Segment Start: ENTRIES SHOWN
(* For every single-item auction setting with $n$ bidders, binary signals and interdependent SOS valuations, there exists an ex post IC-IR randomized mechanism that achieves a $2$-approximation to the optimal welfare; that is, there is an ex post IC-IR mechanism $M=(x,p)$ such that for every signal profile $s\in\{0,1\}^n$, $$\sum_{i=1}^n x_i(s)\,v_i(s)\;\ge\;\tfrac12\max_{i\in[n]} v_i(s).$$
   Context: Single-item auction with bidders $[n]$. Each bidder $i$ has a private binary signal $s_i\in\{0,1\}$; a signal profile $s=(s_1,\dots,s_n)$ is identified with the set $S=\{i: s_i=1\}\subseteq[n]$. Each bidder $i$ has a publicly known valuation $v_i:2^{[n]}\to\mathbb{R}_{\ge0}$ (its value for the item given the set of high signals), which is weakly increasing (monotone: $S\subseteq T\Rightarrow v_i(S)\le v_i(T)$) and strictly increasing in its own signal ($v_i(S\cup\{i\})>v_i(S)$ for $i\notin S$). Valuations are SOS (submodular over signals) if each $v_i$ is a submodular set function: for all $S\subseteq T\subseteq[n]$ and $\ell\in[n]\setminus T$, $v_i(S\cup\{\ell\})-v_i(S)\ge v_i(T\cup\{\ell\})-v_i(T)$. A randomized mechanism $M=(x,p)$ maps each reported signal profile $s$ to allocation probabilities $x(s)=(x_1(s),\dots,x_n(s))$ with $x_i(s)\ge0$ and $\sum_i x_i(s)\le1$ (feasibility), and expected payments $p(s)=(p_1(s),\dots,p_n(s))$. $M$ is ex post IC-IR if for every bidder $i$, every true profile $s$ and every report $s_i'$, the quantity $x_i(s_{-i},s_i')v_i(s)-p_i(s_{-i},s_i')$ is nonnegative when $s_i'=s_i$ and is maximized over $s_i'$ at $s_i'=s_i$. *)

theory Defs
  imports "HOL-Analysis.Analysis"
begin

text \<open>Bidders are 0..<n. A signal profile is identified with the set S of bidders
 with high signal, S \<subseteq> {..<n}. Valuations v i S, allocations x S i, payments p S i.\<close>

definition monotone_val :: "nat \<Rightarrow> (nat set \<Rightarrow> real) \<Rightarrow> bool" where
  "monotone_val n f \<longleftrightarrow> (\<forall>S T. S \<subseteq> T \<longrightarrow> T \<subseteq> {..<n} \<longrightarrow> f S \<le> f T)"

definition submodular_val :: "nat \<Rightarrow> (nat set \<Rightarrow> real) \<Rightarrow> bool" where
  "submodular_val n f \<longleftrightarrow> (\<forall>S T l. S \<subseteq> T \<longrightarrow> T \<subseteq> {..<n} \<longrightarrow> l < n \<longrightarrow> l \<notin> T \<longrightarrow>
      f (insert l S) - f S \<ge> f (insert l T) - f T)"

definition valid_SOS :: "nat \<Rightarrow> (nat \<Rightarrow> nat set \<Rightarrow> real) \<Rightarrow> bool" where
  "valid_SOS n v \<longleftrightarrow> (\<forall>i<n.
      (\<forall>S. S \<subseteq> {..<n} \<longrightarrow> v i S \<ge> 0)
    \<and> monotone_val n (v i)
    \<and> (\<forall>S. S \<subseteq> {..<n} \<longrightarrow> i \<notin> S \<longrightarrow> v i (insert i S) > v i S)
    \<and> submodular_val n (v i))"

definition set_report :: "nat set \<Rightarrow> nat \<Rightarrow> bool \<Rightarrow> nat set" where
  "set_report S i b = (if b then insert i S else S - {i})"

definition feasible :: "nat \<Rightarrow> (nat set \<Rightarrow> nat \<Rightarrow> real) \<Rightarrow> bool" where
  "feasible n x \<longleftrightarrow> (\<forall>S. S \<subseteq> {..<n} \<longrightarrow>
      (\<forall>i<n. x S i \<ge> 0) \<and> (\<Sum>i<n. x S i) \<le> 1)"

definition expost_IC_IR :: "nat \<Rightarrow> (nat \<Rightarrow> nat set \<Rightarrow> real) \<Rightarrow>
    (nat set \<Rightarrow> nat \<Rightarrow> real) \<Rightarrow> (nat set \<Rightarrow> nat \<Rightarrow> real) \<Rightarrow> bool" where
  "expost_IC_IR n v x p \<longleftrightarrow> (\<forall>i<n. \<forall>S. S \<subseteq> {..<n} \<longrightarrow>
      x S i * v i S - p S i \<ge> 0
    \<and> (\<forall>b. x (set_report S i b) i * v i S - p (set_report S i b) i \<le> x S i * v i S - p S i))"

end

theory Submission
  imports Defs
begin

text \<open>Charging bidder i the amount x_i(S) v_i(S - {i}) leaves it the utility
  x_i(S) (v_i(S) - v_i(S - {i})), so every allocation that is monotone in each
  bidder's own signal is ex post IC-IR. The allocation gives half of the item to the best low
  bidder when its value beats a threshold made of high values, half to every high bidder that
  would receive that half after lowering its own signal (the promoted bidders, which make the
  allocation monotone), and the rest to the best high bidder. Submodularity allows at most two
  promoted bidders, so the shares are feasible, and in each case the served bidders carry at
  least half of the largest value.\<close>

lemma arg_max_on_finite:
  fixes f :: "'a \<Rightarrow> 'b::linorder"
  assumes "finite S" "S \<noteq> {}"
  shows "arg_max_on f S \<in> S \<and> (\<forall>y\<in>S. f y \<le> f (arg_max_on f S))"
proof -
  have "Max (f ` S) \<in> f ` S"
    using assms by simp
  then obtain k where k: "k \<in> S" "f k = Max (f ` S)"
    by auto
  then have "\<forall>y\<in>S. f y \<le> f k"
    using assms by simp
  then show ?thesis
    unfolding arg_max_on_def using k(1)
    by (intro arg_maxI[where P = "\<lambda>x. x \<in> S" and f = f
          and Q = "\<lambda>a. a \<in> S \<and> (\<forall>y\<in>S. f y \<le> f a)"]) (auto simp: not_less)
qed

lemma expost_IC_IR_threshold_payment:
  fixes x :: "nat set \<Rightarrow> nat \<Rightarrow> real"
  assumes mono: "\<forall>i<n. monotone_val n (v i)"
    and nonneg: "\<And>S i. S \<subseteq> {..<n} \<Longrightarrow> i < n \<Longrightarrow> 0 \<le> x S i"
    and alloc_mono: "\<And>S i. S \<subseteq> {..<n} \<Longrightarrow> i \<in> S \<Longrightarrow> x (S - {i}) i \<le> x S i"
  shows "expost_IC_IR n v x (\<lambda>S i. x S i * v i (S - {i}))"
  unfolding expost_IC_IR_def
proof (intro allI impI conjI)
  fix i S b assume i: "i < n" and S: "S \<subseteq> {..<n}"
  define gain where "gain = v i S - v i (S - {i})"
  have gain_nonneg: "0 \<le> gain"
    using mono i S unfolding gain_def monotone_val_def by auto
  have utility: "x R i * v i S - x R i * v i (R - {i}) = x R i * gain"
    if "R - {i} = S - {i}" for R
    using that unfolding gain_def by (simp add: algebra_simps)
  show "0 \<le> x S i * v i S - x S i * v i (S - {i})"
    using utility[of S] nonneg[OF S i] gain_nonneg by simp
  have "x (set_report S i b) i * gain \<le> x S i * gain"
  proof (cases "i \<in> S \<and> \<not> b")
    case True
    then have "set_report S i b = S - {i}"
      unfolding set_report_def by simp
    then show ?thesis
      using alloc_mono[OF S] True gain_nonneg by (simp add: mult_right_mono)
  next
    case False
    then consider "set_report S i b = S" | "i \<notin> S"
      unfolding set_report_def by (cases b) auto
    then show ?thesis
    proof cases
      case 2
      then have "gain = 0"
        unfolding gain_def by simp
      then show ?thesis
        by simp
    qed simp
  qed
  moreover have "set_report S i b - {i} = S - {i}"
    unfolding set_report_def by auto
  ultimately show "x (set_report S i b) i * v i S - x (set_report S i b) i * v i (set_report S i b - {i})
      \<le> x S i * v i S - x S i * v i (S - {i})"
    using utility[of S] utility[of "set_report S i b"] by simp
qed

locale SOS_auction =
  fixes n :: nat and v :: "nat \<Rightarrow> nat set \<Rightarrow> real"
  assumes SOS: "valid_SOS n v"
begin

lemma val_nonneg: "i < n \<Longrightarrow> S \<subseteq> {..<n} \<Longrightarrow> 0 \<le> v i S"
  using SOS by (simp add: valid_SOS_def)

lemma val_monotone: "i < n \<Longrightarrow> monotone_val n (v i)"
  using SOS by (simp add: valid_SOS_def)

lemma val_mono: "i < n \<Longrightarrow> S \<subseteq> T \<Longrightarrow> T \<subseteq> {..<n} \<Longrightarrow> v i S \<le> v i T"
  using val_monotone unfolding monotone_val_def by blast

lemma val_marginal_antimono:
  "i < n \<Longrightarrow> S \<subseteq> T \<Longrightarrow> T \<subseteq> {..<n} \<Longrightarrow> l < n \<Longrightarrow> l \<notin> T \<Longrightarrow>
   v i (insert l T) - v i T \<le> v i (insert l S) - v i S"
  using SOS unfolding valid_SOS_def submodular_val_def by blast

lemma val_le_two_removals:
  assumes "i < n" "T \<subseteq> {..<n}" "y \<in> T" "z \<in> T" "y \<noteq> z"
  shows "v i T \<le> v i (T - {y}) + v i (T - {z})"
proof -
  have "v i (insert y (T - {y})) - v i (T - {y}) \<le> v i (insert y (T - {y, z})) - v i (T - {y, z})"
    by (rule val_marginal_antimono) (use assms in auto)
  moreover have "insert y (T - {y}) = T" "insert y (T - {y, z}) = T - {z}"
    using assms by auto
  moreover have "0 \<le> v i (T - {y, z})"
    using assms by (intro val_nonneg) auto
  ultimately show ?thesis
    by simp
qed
Segment End: ENTRIES SHOWN
Segment Start: ENTRIES SHOWN
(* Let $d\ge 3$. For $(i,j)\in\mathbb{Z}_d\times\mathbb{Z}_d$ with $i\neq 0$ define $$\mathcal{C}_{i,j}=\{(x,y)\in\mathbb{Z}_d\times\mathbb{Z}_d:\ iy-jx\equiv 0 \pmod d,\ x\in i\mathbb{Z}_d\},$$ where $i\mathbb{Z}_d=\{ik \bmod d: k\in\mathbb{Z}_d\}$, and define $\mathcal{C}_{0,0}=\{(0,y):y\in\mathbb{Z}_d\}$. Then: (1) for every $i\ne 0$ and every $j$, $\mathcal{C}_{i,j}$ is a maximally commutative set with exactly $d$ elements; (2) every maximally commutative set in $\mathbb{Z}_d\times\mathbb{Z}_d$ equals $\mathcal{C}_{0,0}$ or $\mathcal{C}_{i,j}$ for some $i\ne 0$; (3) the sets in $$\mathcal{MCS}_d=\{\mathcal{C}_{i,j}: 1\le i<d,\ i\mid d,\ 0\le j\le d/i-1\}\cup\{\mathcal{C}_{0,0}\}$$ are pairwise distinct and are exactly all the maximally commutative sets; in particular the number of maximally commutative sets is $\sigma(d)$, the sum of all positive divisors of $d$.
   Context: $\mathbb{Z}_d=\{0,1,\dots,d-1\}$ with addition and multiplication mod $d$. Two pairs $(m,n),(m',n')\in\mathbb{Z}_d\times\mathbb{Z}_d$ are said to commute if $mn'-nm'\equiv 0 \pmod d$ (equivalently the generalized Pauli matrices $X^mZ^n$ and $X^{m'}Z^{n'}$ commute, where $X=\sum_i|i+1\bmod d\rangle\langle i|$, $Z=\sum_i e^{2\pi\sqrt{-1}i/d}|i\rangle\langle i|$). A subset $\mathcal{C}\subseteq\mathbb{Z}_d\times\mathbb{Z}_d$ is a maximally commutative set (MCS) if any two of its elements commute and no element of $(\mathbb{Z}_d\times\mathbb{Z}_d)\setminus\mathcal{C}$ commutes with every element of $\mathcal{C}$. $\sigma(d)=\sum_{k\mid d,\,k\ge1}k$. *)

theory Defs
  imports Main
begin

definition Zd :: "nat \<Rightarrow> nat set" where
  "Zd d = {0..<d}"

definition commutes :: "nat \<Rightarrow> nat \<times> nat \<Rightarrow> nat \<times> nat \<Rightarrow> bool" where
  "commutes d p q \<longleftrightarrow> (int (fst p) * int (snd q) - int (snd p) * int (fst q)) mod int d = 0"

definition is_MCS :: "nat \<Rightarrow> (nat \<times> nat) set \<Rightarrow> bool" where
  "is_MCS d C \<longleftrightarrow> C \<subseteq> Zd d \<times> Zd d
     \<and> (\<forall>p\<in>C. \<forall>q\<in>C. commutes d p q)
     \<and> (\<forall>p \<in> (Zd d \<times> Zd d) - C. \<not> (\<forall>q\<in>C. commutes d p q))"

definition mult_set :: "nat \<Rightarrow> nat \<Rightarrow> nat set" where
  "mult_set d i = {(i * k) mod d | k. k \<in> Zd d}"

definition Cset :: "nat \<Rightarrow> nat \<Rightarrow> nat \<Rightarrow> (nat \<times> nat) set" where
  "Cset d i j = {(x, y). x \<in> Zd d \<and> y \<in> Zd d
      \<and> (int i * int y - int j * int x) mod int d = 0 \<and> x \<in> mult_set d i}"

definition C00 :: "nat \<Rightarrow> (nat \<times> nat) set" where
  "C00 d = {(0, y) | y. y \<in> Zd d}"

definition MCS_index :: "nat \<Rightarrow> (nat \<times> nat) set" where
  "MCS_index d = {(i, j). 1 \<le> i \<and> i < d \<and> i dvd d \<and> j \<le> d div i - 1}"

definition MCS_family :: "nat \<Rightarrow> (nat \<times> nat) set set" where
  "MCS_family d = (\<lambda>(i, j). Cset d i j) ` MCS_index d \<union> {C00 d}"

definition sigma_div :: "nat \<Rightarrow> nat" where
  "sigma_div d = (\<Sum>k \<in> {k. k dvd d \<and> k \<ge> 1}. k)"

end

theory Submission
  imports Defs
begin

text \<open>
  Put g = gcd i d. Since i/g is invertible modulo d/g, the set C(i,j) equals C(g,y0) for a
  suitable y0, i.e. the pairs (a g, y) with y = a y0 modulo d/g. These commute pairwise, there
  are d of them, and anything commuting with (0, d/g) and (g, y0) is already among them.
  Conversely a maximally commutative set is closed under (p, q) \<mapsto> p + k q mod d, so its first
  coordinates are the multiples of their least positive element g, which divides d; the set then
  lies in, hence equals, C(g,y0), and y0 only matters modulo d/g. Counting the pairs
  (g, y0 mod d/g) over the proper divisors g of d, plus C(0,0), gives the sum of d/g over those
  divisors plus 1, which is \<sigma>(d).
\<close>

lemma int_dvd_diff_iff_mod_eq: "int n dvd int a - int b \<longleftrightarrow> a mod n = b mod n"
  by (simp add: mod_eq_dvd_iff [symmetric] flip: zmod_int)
Segment End: ENTRIES SHOWN
**GOAL OF THE EXERCISE**
Select and copy every line from the records that includes the word "commutes".

**RESULT**
   Context: $\mathbb{Z}_d=\{0,1,\dots,d-1\}$ with addition and multiplication mod $d$. Two pairs $(m,n),(m',n')\in\mathbb{Z}_d\times\mathbb{Z}_d$ are said to commute if $mn'-nm'\equiv 0 \pmod d$ (equivalently the generalized Pauli matrices $X^mZ^n$ and $X^{m'}Z^{n'}$ commute, where $X=\sum_i|i+1\bmod d\rangle\langle i|$, $Z=\sum_i e^{2\pi\sqrt{-1}i/d}|i\rangle\langle i|$). A subset $\mathcal{C}\subseteq\mathbb{Z}_d\times\mathbb{Z}_d$ is a maximally commutative set (MCS) if any two of its elements commute and no element of $(\mathbb{Z}_d\times\mathbb{Z}_d)\setminus\mathcal{C}$ commutes with every element of $\mathcal{C}$. $\sigma(d)=\sum_{k\mid d,\,k\ge1}k$. *)
definition commutes :: "nat \<Rightarrow> nat \<times> nat \<Rightarrow> nat \<times> nat \<Rightarrow> bool" where
  "commutes d p q \<longleftrightarrow> (int (fst p) * int (snd q) - int (snd p) * int (fst q)) mod int d = 0"
     \<and> (\<forall>p\<in>C. \<forall>q\<in>C. commutes d p q)
     \<and> (\<forall>p \<in> (Zd d \<times> Zd d) - C. \<not> (\<forall>q\<in>C. commutes d p q))"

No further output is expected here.